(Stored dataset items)
☆ ☆ ☆ ☆ ☆
(* Let $n\ge 2$ and let $X_{a_1\cdots a_n}=X_{(a_1\cdots a_n)}$ be an affine tensor field on Minkowski spacetime $(\mathbb R^4,\eta)$, written in standard rectangular coordinates. Then $$\partial_r\partial_sX_{a_1\cdots a_n}=\frac{n(n-1)}{2}\partial_{(a_1}\partial_{a_2}X_{a_3\cdots a_n)rs},$$ with symmetrization over $a_1,\dots,a_n$ only.
   Context: Parentheses around indices denote symmetrization with weight one. A totally symmetric tensor field $X_{a_1\cdots a_n}$ on a pseudo-Riemannian manifold with Levi-Civita connection $\nabla$ is an affine tensor if $\nabla_b\nabla_{(c}X_{a_1\cdots a_n)}=0$; in rectangular coordinates on Minkowski spacetime $\nabla=\partial$. *)

theory Defs
  imports "HOL-Analysis.Analysis"
begin

text \<open>Points of Minkowski spacetime in standard rectangular coordinates: real^4.
  Coordinate indices: elements of the numeral type 4. A rank-n tensor field is
  X :: 4 list => real^4 => real, with X as x the component X_{as} at x for length as = n.\<close>

definition pd :: "4 \<Rightarrow> (real^4 \<Rightarrow> real) \<Rightarrow> real^4 \<Rightarrow> real" where
  "pd i f x = deriv (\<lambda>t. f (x + t *\<^sub>R axis i 1)) 0"

definition partials :: "4 list \<Rightarrow> (real^4 \<Rightarrow> real) \<Rightarrow> real^4 \<Rightarrow> real" where
  "partials is f = foldr pd is f"

definition smooth_fun :: "(real^4 \<Rightarrow> real) \<Rightarrow> bool" where
  "smooth_fun f \<longleftrightarrow> (\<forall>is x. partials is f differentiable (at x))"

definition symz :: "(4 list \<Rightarrow> real) \<Rightarrow> 4 list \<Rightarrow> real" where
  "symz T l = (1 / fact (length l)) *
     (\<Sum>p\<in>{p. p permutes {..<length l}}. T (map (\<lambda>i. l ! p i) [0..<length l]))"

definition symmetric_tensor :: "nat \<Rightarrow> (4 list \<Rightarrow> real^4 \<Rightarrow> real) \<Rightarrow> bool" where
  "symmetric_tensor n X \<longleftrightarrow>
     (\<forall>as bs. length as = n \<longrightarrow> mset as = mset bs \<longrightarrow> X as = X bs)"

text \<open>Affine tensor: \<nabla>_b \<nabla>_(c X_{a1...an)} = 0 with \<nabla> = \<partial> in rectangular coordinates.\<close>
definition affine_tensor :: "nat \<Rightarrow> (4 list \<Rightarrow> real^4 \<Rightarrow> real) \<Rightarrow> bool" where
  "affine_tensor n X \<longleftrightarrow> symmetric_tensor n X \<and>
     (\<forall>b c as x. length as = n \<longrightarrow>
        symz (\<lambda>l. pd b (pd (hd l) (X (tl l))) x) (c # as) = 0)"

end

theory Submission
  imports Defs "HOL-Combinatorics.Permutations"
begin

(* Write D = d_r d_s X_{a_1...a_n}.  Unsymmetrizing the affine condition
   d_b d_(c X_{a_1...a_n)} = 0 gives, for every b, c and index list as,
     d_b d_c X_as + sum_i d_b d_{a_i} X_{as[i:=c]} = 0          (exchange identity).
   Applying it to (b,c) = (r,s), to (s,r), and to (a_i, s) with as[i:=r], and using
   that partial derivatives of smooth functions commute, the double sum
   G = sum_{i \<noteq> j} d_{a_i} d_{a_j} X_{as[i:=r,j:=s]} equals 2 D.  On the other hand
   the symmetrization on the right-hand side is (n-2)!/n! * G, because summing over
   all permutations a function of the first two indices counts each ordered pair
   (i,j) of distinct positions (n-2)! times. *)

lemma pd_has_real_derivative:
  fixes f :: "real^4 \<Rightarrow> real"
  assumes "f differentiable (at (y + t *\<^sub>R axis i 1))"
  shows "((\<lambda>u. f (y + u *\<^sub>R axis i 1)) has_real_derivative pd i f (y + t *\<^sub>R axis i 1)) (at t)"
proof -
  let ?e = "axis i 1 :: real^4"
  let ?z = "y + t *\<^sub>R ?e"
  obtain f' where f': "(f has_derivative f') (at ?z)"
    using assms by (auto simp: differentiable_def)
  have line: "((\<lambda>u. f (y0 + u *\<^sub>R ?e)) has_real_derivative f' ?e) (at t0)"
    if "y0 + t0 *\<^sub>R ?e = ?z" for y0 t0
  proof -
    have line_map: "((\<lambda>u. y0 + u *\<^sub>R ?e) has_derivative (\<lambda>u. u *\<^sub>R ?e)) (at t0)"
      by (auto intro!: derivative_eq_intros)
    have "((f \<circ> (\<lambda>u. y0 + u *\<^sub>R ?e)) has_derivative (f' \<circ> (\<lambda>u. u *\<^sub>R ?e))) (at t0)"
      using diff_chain_at[OF line_map] f' that by simp
    moreover have "f' \<circ> (\<lambda>u. u *\<^sub>R ?e) = (\<lambda>u. f' ?e * u)"
      using linear_cmul[OF has_derivative_linear[OF f']] by (auto simp: o_def mult.commute)
    ultimately show ?thesis by (simp add: has_field_derivative_def o_def)
  qed
  have "pd i f ?z = f' ?e"
    unfolding pd_def using line[of ?z 0] DERIV_imp_deriv by simp
  then show ?thesis using line[of y t] by simp
qed

(* Two applications of the mean value theorem: the second difference of f over a
   coordinate rectangle of side h equals h^2 times the mixed partial at a point
   within distance 2h of the corner x. *)
lemma second_difference_mean_value:
  fixes f :: "real^4 \<Rightarrow> real"
  assumes df: "\<And>z. f differentiable (at z)"
    and dfi: "\<And>z. pd i f differentiable (at z)"
    and h: "h > 0"
  shows "\<exists>y. dist y x < 2 * h \<and>
     f (x + h *\<^sub>R axis j 1 + h *\<^sub>R axis i 1) - f (x + h *\<^sub>R axis i 1)
       - f (x + h *\<^sub>R axis j 1) + f x = h * h * pd j (pd i f) y"
proof -
  let ?e = "axis i 1 :: real^4" and ?d = "axis j 1 :: real^4"
  have "\<exists>\<xi>. 0 < \<xi> \<and> \<xi> < h \<and>
     (\<lambda>u. f ((x + h *\<^sub>R ?d) + u *\<^sub>R ?e) - f (x + u *\<^sub>R ?e)) h
       - (\<lambda>u. f ((x + h *\<^sub>R ?d) + u *\<^sub>R ?e) - f (x + u *\<^sub>R ?e)) 0
      = (h - 0) * (pd i f ((x + h *\<^sub>R ?d) + \<xi> *\<^sub>R ?e) - pd i f (x + \<xi> *\<^sub>R ?e))"
    by (rule MVT2[OF h]) (intro DERIV_diff pd_has_real_derivative df)
  then obtain \<xi> where \<xi>: "0 < \<xi>" "\<xi> < h"
    and outer: "f (x + h *\<^sub>R ?d + h *\<^sub>R ?e) - f (x + h *\<^sub>R ?e) - (f (x + h *\<^sub>R ?d) - f x)
      = h * (pd i f (x + \<xi> *\<^sub>R ?e + h *\<^sub>R ?d) - pd i f (x + \<xi> *\<^sub>R ?e))"
    by (auto simp: algebra_simps)
  have "\<exists>\<eta>. 0 < \<eta> \<and> \<eta> < h \<and>
     pd i f ((x + \<xi> *\<^sub>R ?e) + h *\<^sub>R ?d) - pd i f ((x + \<xi> *\<^sub>R ?e) + 0 *\<^sub>R ?d)
      = (h - 0) * pd j (pd i f) ((x + \<xi> *\<^sub>R ?e) + \<eta> *\<^sub>R ?d)"
    by (rule MVT2[OF h]) (intro pd_has_real_derivative dfi)
  then obtain \<eta> where \<eta>: "0 < \<eta>" "\<eta> < h"
    and inner: "pd i f (x + \<xi> *\<^sub>R ?e + h *\<^sub>R ?d) - pd i f (x + \<xi> *\<^sub>R ?e)
      = h * pd j (pd i f) (x + \<xi> *\<^sub>R ?e + \<eta> *\<^sub>R ?d)" by auto
  have "dist (x + \<xi> *\<^sub>R ?e + \<eta> *\<^sub>R ?d) x = norm (\<xi> *\<^sub>R ?e + \<eta> *\<^sub>R ?d)"
    by (simp add: dist_norm add.assoc)
  also have "\<dots> \<le> norm (\<xi> *\<^sub>R ?e) + norm (\<eta> *\<^sub>R ?d)"
    by (rule norm_triangle_ineq)
  also have "\<dots> < 2 * h" using \<xi> \<eta> by simp
  finally show ?thesis
    using outer inner by (intro exI[of _ "x + \<xi> *\<^sub>R ?e + \<eta> *\<^sub>R ?d"]) (auto simp: algebra_simps)
qed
☆ ☆ ☆ ☆ ☆
**Exercise details:**
In the data above, find the line with "text \<open>Points of" and the line with "text \<open>Affine tensor: \<nabla>_b". Retype both, plus every line between them, exactly.

**Solution to the problem:**
text \<open>Points of Minkowski spacetime in standard rectangular coordinates: real^4.
  Coordinate indices: elements of the numeral type 4. A rank-n tensor field is
  X :: 4 list => real^4 => real, with X as x the component X_{as} at x for length as = n.\<close>

definition pd :: "4 \<Rightarrow> (real^4 \<Rightarrow> real) \<Rightarrow> real^4 \<Rightarrow> real" where
  "pd i f x = deriv (\<lambda>t. f (x + t *\<^sub>R axis i 1)) 0"

definition partials :: "4 list \<Rightarrow> (real^4 \<Rightarrow> real) \<Rightarrow> real^4 \<Rightarrow> real" where
  "partials is f = foldr pd is f"

definition smooth_fun :: "(real^4 \<Rightarrow> real) \<Rightarrow> bool" where
  "smooth_fun f \<longleftrightarrow> (\<forall>is x. partials is f differentiable (at x))"

definition symz :: "(4 list \<Rightarrow> real) \<Rightarrow> 4 list \<Rightarrow> real" where
  "symz T l = (1 / fact (length l)) *
     (\<Sum>p\<in>{p. p permutes {..<length l}}. T (map (\<lambda>i. l ! p i) [0..<length l]))"

definition symmetric_tensor :: "nat \<Rightarrow> (4 list \<Rightarrow> real^4 \<Rightarrow> real) \<Rightarrow> bool" where
  "symmetric_tensor n X \<longleftrightarrow>
     (\<forall>as bs. length as = n \<longrightarrow> mset as = mset bs \<longrightarrow> X as = X bs)"

text \<open>Affine tensor: \<nabla>_b \<nabla>_(c X_{a1...an)} = 0 with \<nabla> = \<partial> in rectangular coordinates.\<close>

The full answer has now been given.